Compared to the UNIX I/O interface, some common calls contain an excessive number of parameters. MPI_Open, for example, has 8 parameters, and this is too complex for a non-MPI programmer (It was also noted this may be too complex for some MPI programmers). Two options were discussed about how to provide a simpler interface for the "common" case, but preserve the full features. The first option is to provide a wrapper for MPI_Open that defaults the communicator to MPI_COMM_WORLD, the etype to MPI_byte, the disp to 0, and the filetype to MPI_byte, and no hints. This would reduce the number of parameters on open from 8 to 3 in the simple case. The suggestion was made that MPIO_Open be the simplified three parameter version and that the current MPIO_Open be re-named MPIO_Openx. The second option discussed was to simplify MPIO_open and then use an extended version of MPIO_file_control.
The representative from Cray reported that a quick check of the MPI-IO and MPI documents revealed that only 7 MPI-like calls would be required to provide a minimal standalone interface for non-MPI programs. These calls are required to provide the MPI communicator and type construction functionality.

Conclusion: There was agreement that providing two different interfaces, one simpler for easy things and another more complicated for complex I/O applications would simplify programming for both MPI and non-MPI programmers alike.

Issue: The relationship between MPI and MPI-IO.

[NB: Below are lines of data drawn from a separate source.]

lemma latin_square_entry:
  "latin_square m K \<Longrightarrow> i \<in> {1..m} \<Longrightarrow> j \<in> {1..m} \<Longrightarrow> K i j \<in> {1..m}"
  unfolding latin_square_def using bij_betw_apply by metis

lemma latin_square_cancel:
  assumes "latin_square m K" "i \<in> {1..m}" "j \<in> {1..m}" "i' \<in> {1..m}" "j' \<in> {1..m}"
  shows "K i j = K i j' \<longleftrightarrow> j = j'" "K i j = K i' j \<longleftrightarrow> i = i'"
  using assms unfolding latin_square_def bij_betw_def inj_on_def by blast+

lemma latin_square_solve:
  assumes "latin_square m K" "i \<in> {1..m}" "k \<in> {1..m}"
  shows "\<exists>j\<in>{1..m}. K i j = k" "\<exists>j\<in>{1..m}. K j i = k"
  using assms unfolding latin_square_def bij_betw_def by (metis imageE)+

lemma latin_triples_subset:
  "latin_square m K \<Longrightarrow> latin_triples m K \<subseteq> {1..m} \<times> {1..m} \<times> {1..m}"
  using latin_square_entry by (auto simp: latin_triples_def)

lemma latin_triples_eqI:
  assumes L: "latin_square m K" and "s \<in> latin_triples m K" "t \<in> latin_triples m K"
    and cd: "c < 3" "d < 3" "c \<noteq> d"
    and agree: "tri_nth s c = tri_nth t c" "tri_nth s d = tri_nth t d"
  shows "s = t"
proof -
  obtain i j i' j' where ij: "s = (i, j, K i j)" "t = (i', j', K i' j')"
    and mem: "i \<in> {1..m}" "j \<in> {1..m}" "i' \<in> {1..m}" "j' \<in> {1..m}"
    using assms(2,3) by (auto simp: latin_triples_def)
  have "c = 0 \<and> d = 1 \<or> c = 1 \<and> d = 0 \<or> c = 0 \<and> d = 2 \<or> c = 2 \<and> d = 0 \<or> c = 1 \<and> d = 2 \<or> c = 2 \<and> d = 1"
    using cd by (auto simp: less_3_iff)
  then have "i = i' \<and> j = j'"
    using agree latin_square_cancel[OF L mem(1,2,1,4)] latin_square_cancel[OF L mem(1,2,3,2)]
    by (elim disjE conjE) (auto simp: ij tri_nth_def)
  then show ?thesis using ij by simp
qed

Discussion: It was emphasized that the starting point right now for including I/O in the MPI standard is the current MPI-IO proposal. However, that does not mean anything, since PVM was the starting point for MPI and then nothing was taken from PVM. Moreover, MPI-IO has that name because of the analogy between I/O and message-passing, NOT because it has a direct relationship with, or requires the use of, MPI.

It was also pointed out that I/O is more complex than message-passing, mainly because of the persistence of files, so may lead to a more difficult standardization process.

There was some consensus that the less dependent the interface is on MPI, the more acceptable MPI-IO will be. To achieve this goal, several actions were suggested:

Make the MPI and MPI-IO documents fully independent: Include in the MPI-IO document text about MPI communicators and data types, perhaps inserted directly from the final MPI-1 document.
MPI-IO requires MPI datatypes to describe the data distribution in files and user buffers. If we want to make MPI-IO independent, MPI-IO would need to describe that in a similar way, perhaps with some simple calls for common data types (or a library of datatypes for common patterns).
Make MPI-IO calls more friendly to non-MPI users, by providing wrappers and/or convenience functions for simple operations.

Conclusion: It remains to be seen how much of MPI-IO will be accepted and included in MPI, and in what form. The next MPI meeting will not address details of MPI-IO and there is still plenty of time to modify MPI-IO so that both can converge in a joint effort for developing a standard I/O interface.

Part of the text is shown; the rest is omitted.